Fangs for the Memories: C.M. Brown’s He Came For Me

                Another day, another vampire romance to review. This time it’s C.M. Brown’s He Came For Me, book one of The Protector series. Unlike Poison Apology, this book is not erotica and is instead more of a romantic adventure. However, I still need to put down a disclaimer. I am 100% certain that I am not the intended audience for this book, so please take my review with a very large grain of salt. Despite the fact that the vampire romance doesn’t appeal to me at all, I ended up enjoying He Came For Me as a fun twist on the genre that didn’t take itself too seriously.

                He Came For Me takes place in Queensland, Australia and concerns an average college student named Jasmine, nicknamed Jazz by her friends, who becomes involved with a bunch of mysterious pale-skinned newcomers to her school. Naturally, they’re a band of hunky vampires led by Seb (short for Sebastian). It turns out that these vampires are really from an alternate blood-sucking dimension and they’ve come to protect Jazz because she has some extra-dimensional vampire in her bloodline that makes her really important for the whole vampire race. A bunch of other vampires, led by Seb’s cousin Brennan, also shows up to capture Jazz for her power, and she finds herself thrust into the center of this bloodsucking conflict.

                On the surface, this story seems standard for paranormal fantasies, what with its average protagonist being thrust into a magical world as the chosen one, supernatural guardians and attackers, and vampire hunks. However, Brown’s got a good sense of humor about her vampires. These bloodsuckers hang around in their mansion watching Blade II and True Blood, and seem to enjoy emulating the fictional vamps they see on the big screen. When they go out to eat, the author likes to point out how they enjoy rare steaks and tomato soup. Also, they surf. That’s right, this book has some surfing vampires and I wish we spent more time watching them catching waves. Later on, Jazz goes through a portal to the vampire dimension and it’s like some weird Lisa Frank world of trippy rainbow colors, but filled with dangerous vampire politics. I definitely enjoyed the fact that He Came For Me was willing to go into those outrageous places.

                Unfortunately, the writing could have used a bit more work before publishing. A lot of run-on sentences and improperly used commas popped up. Many actions happened too fast, without adequate description and depth. Another problem? The frequent use of exclamation marks in the texts and dialogue. While it may seem cool to toss exclamation marks everywhere, it ends up making all the characters, including ancient vampires, seem like overexcited children.
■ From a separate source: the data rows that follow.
definition seq_approx :: "(nat \<Rightarrow> 'a set) \<Rightarrow> (nat \<Rightarrow> real) \<Rightarrow> (nat \<Rightarrow> real) \<Rightarrow> bool" where
  "seq_approx Is x y \<longleftrightarrow> (\<lambda>n. (x n - y n) / real (card (Is n))) \<longlonglongrightarrow> 0"

definition seq_leqq :: "(nat \<Rightarrow> 'a set) \<Rightarrow> (nat \<Rightarrow> real) \<Rightarrow> (nat \<Rightarrow> real) \<Rightarrow> bool" where
  "seq_leqq Is y x \<longleftrightarrow>
     liminf (\<lambda>n. ereal ((x n - y n) / real (card (Is n)))) \<ge> 0"

definition iseq :: "(nat \<Rightarrow> 'a set) \<Rightarrow> nat \<Rightarrow> real" where
  "iseq Is = (\<lambda>n. real (card (Is n)))"

text \<open>Sequence measure function with values in C*(W), W the topological space of type 'w;
  elements of C*(W) are represented as continuous functions 'w \<Rightarrow> real.\<close>
definition sequence_measure_function ::
  "(nat \<Rightarrow> 'a set) \<Rightarrow> ((nat \<Rightarrow> real) \<Rightarrow> ('w::topological_space \<Rightarrow> real)) \<Rightarrow> bool" where
  "sequence_measure_function Is m \<longleftrightarrow>
     (\<forall>x\<in>XR Is. continuous_on UNIV (m x)) \<and>
     (\<forall>x\<in>XR Is. \<forall>y\<in>XR Is. m (\<lambda>n. x n + y n) = (\<lambda>w. m x w + m y w)) \<and>
     (\<forall>x\<in>XR Is. \<forall>c::real. m (\<lambda>n. c * x n) = (\<lambda>w. c * m x w)) \<and>
     (\<forall>x\<in>XR Is. \<forall>y\<in>XR Is. m x = m y \<longleftrightarrow> seq_approx Is x y) \<and>
     (\<forall>x\<in>Xplus Is. \<forall>y\<in>Xplus Is. (\<forall>w. m x w \<le> m y w) \<longleftrightarrow> seq_leqq Is x y) \<and>
     m (iseq Is) = (\<lambda>w. 1)"

definition free_ultrafilter :: "nat filter \<Rightarrow> bool" where
  "free_ultrafilter p \<longleftrightarrow>
     p \<noteq> bot \<and>
     (\<forall>P. eventually P p \<or> eventually (\<lambda>n. \<not> P n) p) \<and>
     (\<forall>k. \<not> eventually (\<lambda>n. n = k) p)"

definition plim_eq :: "nat filter \<Rightarrow> (nat \<Rightarrow> real) \<Rightarrow> real \<Rightarrow> bool" where
  "plim_eq p y c \<longleftrightarrow> (\<forall>\<epsilon>>0. eventually (\<lambda>n. \<bar>y n - c\<bar> < \<epsilon>) p)"

definition ultra_mu :: "(nat \<Rightarrow> 'a set) \<Rightarrow> (nat \<Rightarrow> real) \<Rightarrow> nat filter \<Rightarrow> real" where
  "ultra_mu Is x p = (THE c. plim_eq p (\<lambda>n. x n / real (card (Is n))) c)"

end

theory Submission
  imports Defs
begin

text \<open>X^R is exactly the set of sequences x with |x_0| \<le> C |I_0| and
  |x_{n+1} - x_n| \<le> C |I_{n+1} - I_n| for some C, so it is a vector lattice and x_n/|I_n| is
  bounded; hence \<mu>(x)(p) is the limit of x_n/|I_n| along p. The sets
  F_x = {w. m x w = \<mu>(x)(p)} are closed, so by compactness of W it suffices that finitely many
  of them, F_x for x in C, meet. Otherwise y = \<Sum>x\<in>C. |x - \<mu>(x)(p) i| lies in X^R and
  has m y > 0, hence m y \<ge> d > 0 on the compact W. The order axiom of m then gives
  liminf y_n/|I_n| \<ge> d, whereas the p-limit of y_n/|I_n| is \<Sum>x\<in>C. |\<mu>(x)(p) - \<mu>(x)(p)| = 0.\<close>

definition bounded_increments :: "(nat \<Rightarrow> 'a set) \<Rightarrow> real \<Rightarrow> (nat \<Rightarrow> real) \<Rightarrow> bool" where
  "bounded_increments Is C x \<longleftrightarrow> \<bar>x 0\<bar> \<le> C * real (card (Is 0)) \<and>
     (\<forall>n. \<bar>x (Suc n) - x n\<bar> \<le> C * real (card (Is (Suc n) - Is n)))"
(* Let $V$ be a Banach space densely and continuously embedded in a Banach space $E$, $P$ a metric space, and for each $\mu\in P$ let $\{A^{(\mu)}(t)\}_{t\geq0}$ be a family of linear operators in $E$ with $V\subset D(A^{(\mu)}(t))$, $A^{(\mu)}(t)\in\mathcal L(V,E)$ and $t\mapsto A^{(\mu)}(t)\in\mathcal L(V,E)$ continuous. For each $\mu\in P$ let $\widehat A^{(\mu)}$ be a linear operator in $E$ with $V\subset D(\widehat A^{(\mu)})$, and assume $\lim_{T\to+\infty,\ \nu\to\mu}\frac1T\int_0^T\|A^{(\nu)}(t+h)-\widehat A^{(\mu)}\|_{\mathcal L(V,E)}\,dt=0$ uniformly with respect to $h\geq0$, for every $\mu\in P$. Set $A^{(\nu,\lambda)}(r):=A^{(\nu)}(r/\lambda)$ for $\lambda>0$. Then for any $\mu\in P$ and $t\geq s\geq0$, $\lim_{\lambda\to0^+,\ \nu\to\mu}\int_s^t\|A^{(\nu,\lambda)}(r)-\widehat A^{(\mu)}\|_{\mathcal L(V,E)}\,dr=0$.
   Context: $\|\cdot\|_{\mathcal L(V,E)}$ denotes the operator norm of the restriction to $V$ of the operator, as a map from $V$ to $E$. *)

theory Defs
  imports "HOL-Analysis.Analysis"
begin

text \<open>Operator norm in L(V,E) of a (possibly unbounded) linear map from V to E,
  valued in [0,\<infinity>] (it is \<infinity> when the map is unbounded on the unit ball of V).\<close>
definition opnormVE :: "('v::real_normed_vector \<Rightarrow> 'e::real_normed_vector) \<Rightarrow> ennreal" where
  "opnormVE f = (SUP v\<in>{v. norm v \<le> 1}. ennreal (norm (f v)))"

definition rescaled :: "('p \<Rightarrow> real \<Rightarrow> 'a) \<Rightarrow> 'p \<Rightarrow> real \<Rightarrow> real \<Rightarrow> 'a" where
  "rescaled A \<nu> l r = A \<nu> (r / l)"

end

theory Submission
  imports Defs
begin
lemma pderiv_fk_at_root:
  assumes "poly (fk k) a = 0" and "k = Suc m"
  shows "(a - 1) * poly (pderiv (fk k)) a = a ^ m * ((k + 1) * a - 2 * k)"
proof -
  have "(a - 1) * poly (pderiv (fk k)) a = poly (pderiv ([:-1, 1:] * fk k)) a"
    unfolding pderiv_mult using assms(1) by (simp add: pderiv_pCons algebra_simps)
  also have "\<dots> = (k + 1) * a ^ k - 2 * k * a ^ m"
    unfolding X_minus_1_times_fk assms(2)
    by (simp add: pderiv_diff pderiv_add pderiv_smult pderiv_monom poly_monom)
  finally show ?thesis
    unfolding assms(2) by (simp add: algebra_simps)
qed

lemma small_root_fk_norm_power_ge:
  assumes "poly (fk k) a = 0" and "cmod a < 1"
  shows "1/3 \<le> cmod a ^ k"
proof -
  have "1 = cmod a ^ k * cmod (a - 2)"
    using arg_cong[OF root_fk_power_eq[OF assms(1)], of cmod] by (simp add: norm_mult norm_power)
  also have "\<dots> \<le> cmod a ^ k * 3"
    using norm_triangle_ineq4[of a 2] assms(2) by (intro mult_left_mono) auto
  finally show ?thesis by simp
qed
                Another problem may just be inherent in the genre. Super hunky, compassionate, romantic vampires that combine great pecs with a heroic determination not to drink blood for fear of hurting the one they love are overdone and more than a little boring. Reading about Seb made me long for the conquering, determined Dracula or even the hideous, monstrous Noseferatu – vampires who wouldn’t be caught dead on the cover of Non-Threatening Boys Magazine. And why always vampires? He Came For Me takes place in Australia and I wish the author had used of that country’s amazing legends and folklore to create new creatures, instead of overused vampires. I kept on waiting for a bunyip, a Yowie (Australian bigfoot), or a dropbear (evil koalas) to show up, but these cool creatures appear to be casualties of vampire cultural imperialism.

                Still, I enjoyed Brown’s book and if you’re a fan of vampire romances, I urge you to check it out.